Javier retrocedió, pero los objetos flotantes lo rodearon, formando un círculo que parecía atraparlo. El fragmento de cristal de Lucas se unió a los demás, y todos comenzaron a girar más rápido, emitiendo un zumbido que era casi un grito. La puerta de hueso líquido se abrió por completo, revelando un paisaje que no era un mundo, sino un torbellino de imágenes: puertas abriéndose, mundos colapsando, rostros de clientes desvaneciéndose, y en el centro, el gato esfinge, con el símbolo grabado en su piel.

Clara gritó, intentando alcanzar a Javier, pero la silueta de luz fracturada alzó una mano, y el taller tembló. Los fragmentos del espejo roto, que habían caído al suelo, se elevaron de nuevo, formando un arco frente a la puerta. En cada fragmento, Javier vio una versión de sí mismo: un Javier que abría puertas, un Javier que cerraba el taller, un Javier que nunca había existido. Pero en todos, el símbolo estaba presente, y el gato lo observaba.

—No soy la llave —dijo Javier, con la voz quebrada. Pero la silueta de luz fracturada dio un paso hacia él, y el gato esfinge cruzó el umbral, entrando completamente en el taller. Su voz resonó, clara y definitiva: “El lazo está completo. Abre, o serás el lazo”.

La puerta de hueso líquido comenzó a colapsar, y el torbellino de imágenes se derramó en el taller, como si los mundos al otro lado estuvieran invadiendo el suyo. Los objetos flotantes se unieron al arco de fragmentos, formando un nuevo espejo que reflejaba no a Javier, sino al gato, con el símbolo de las tres líneas curvas brillando como un sol negro. Una nueva puerta apareció detrás del espejo, no de hueso, no de luz, sino de un material que parecía hecho de sus propios pensamientos, pulsando con el símbolo.

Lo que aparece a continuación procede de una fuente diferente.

text \<open>The extension step: grouping the monomials of a vanishing polynomial by their degree in the
  variable evaluated at \<open>t\<close> exhibits \<open>t\<close> as a root of a nonzero univariate polynomial whose
  coefficients are values of polynomials over \<open>D\<close> at distinct points of \<open>T\<close>.\<close>

lemma alg_indep_over_insert:
  assumes indep: "alg_indep_over D T"
    and t: "t \<notin> algebraic_over (insert 0 (monomial_sum_values D T))"
  shows "alg_indep_over D (insert t T)"
  unfolding alg_indep_over_def
proof (intro allI impI)
  fix M c and w :: "nat \<Rightarrow> real"
  assume M: "finite M" "c ` M \<subseteq> D" "\<exists>m\<in>M. c m \<noteq> 0" "inj_on w (monomial_vars M)"
    "w ` monomial_vars M \<subseteq> insert t T"
  obtain m0 where m0: "m0 \<in> M" "c m0 \<noteq> 0"
    using M(3) by blast
  show "(\<Sum>m\<in>M. c m * mono_eval m w) \<noteq> 0"
  proof (cases "t \<in> w ` monomial_vars M")
    case False
    with M(5) have "w ` monomial_vars M \<subseteq> T"
      by blast
    then show ?thesis
      by (rule alg_indep_overD[OF indep M(1,2) m0 M(4)])
  next
    case True
    then obtain j where j: "j \<in> monomial_vars M" "w j = t"
      by blast
    define Mk where "Mk k = remove_var j ` {m\<in>M. Poly_Mapping.lookup m j = k}" for k
    define ck where "ck k m' = c (m' + Poly_Mapping.single j k)" for k m'
    define a where "a k = (\<Sum>m'\<in>Mk k. ck k m' * mono_eval m' w)" for k
    have fin: "finite (Mk k)" for k
      using M(1) by (simp add: Mk_def)
    have coeffs: "ck k ` Mk k \<subseteq> D" for k
      using M(2) by (auto simp: Mk_def ck_def remove_var_add_single)
    have vars: "monomial_vars (Mk k) \<subseteq> monomial_vars M - {j}" for k
      by (auto simp: Mk_def keys_remove_var)
    then have inj: "inj_on w (monomial_vars (Mk k))" for k
      using M(4) by (blast intro: inj_on_subset)
    have pts: "w ` monomial_vars (Mk k) \<subseteq> T" for k
    proof
      fix x
      assume "x \<in> w ` monomial_vars (Mk k)"
      then obtain i where i: "i \<in> monomial_vars (Mk k)" "x = w i"
        by blast
      with vars have "i \<in> monomial_vars M" "i \<noteq> j"
        by auto
      with M(4) j(1) have "w i \<noteq> t"
        unfolding j(2)[symmetric] by (auto dest: inj_onD)
      with M(5) \<open>i \<in> monomial_vars M\<close> show "x \<in> T"
        unfolding i(2) by blast
    qed
    have a_in_values: "a k \<in> monomial_sum_values D T" for k
      unfolding a_def monomial_sum_values_def mem_Collect_eq
      by (intro exI[of _ "Mk k"] exI[of _ "ck k"] exI[of _ w] conjI refl fin coeffs pts)
    have "a (Poly_Mapping.lookup m0 j) \<noteq> 0"
      unfolding a_def
    proof (rule alg_indep_overD[OF indep fin coeffs _ _ inj pts])
      show "remove_var j m0 \<in> Mk (Poly_Mapping.lookup m0 j)"
        using m0(1) by (simp add: Mk_def)
      show "ck (Poly_Mapping.lookup m0 j) (remove_var j m0) \<noteq> 0"
        using m0(2) by (simp add: ck_def remove_var_add_single)
    qed
    moreover have "(\<Sum>m\<in>M. c m * mono_eval m w) =
        (\<Sum>k\<in>(\<lambda>m. Poly_Mapping.lookup m j) ` M. a k * t ^ k)"
      using monomial_sum_regroup[OF M(1), of c w j] j(2) by (simp add: a_def Mk_def ck_def)
    ultimately show ?thesis
      using algebraic_overI[of "(\<lambda>m. Poly_Mapping.lookup m j) ` M" "Poly_Mapping.lookup m0 j" a
          "monomial_sum_values D T" t] M(1) m0(1) a_in_values t
      by auto
  qed
qed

Javier sintió que caía, no al suelo, sino a un lugar donde no había nada, solo el gato, el símbolo, y la puerta. La voz de la silueta resonó una última vez: “Abre la última puerta, o la última puerta te abrirá”. El taller desapareció, y todo lo que quedó fue la puerta de pensamientos, brillando frente a él. Y desde su interior, una voz que era suya, pero no suya, susurró: “El precio es tu existencia. Págalo, o serás el pago”.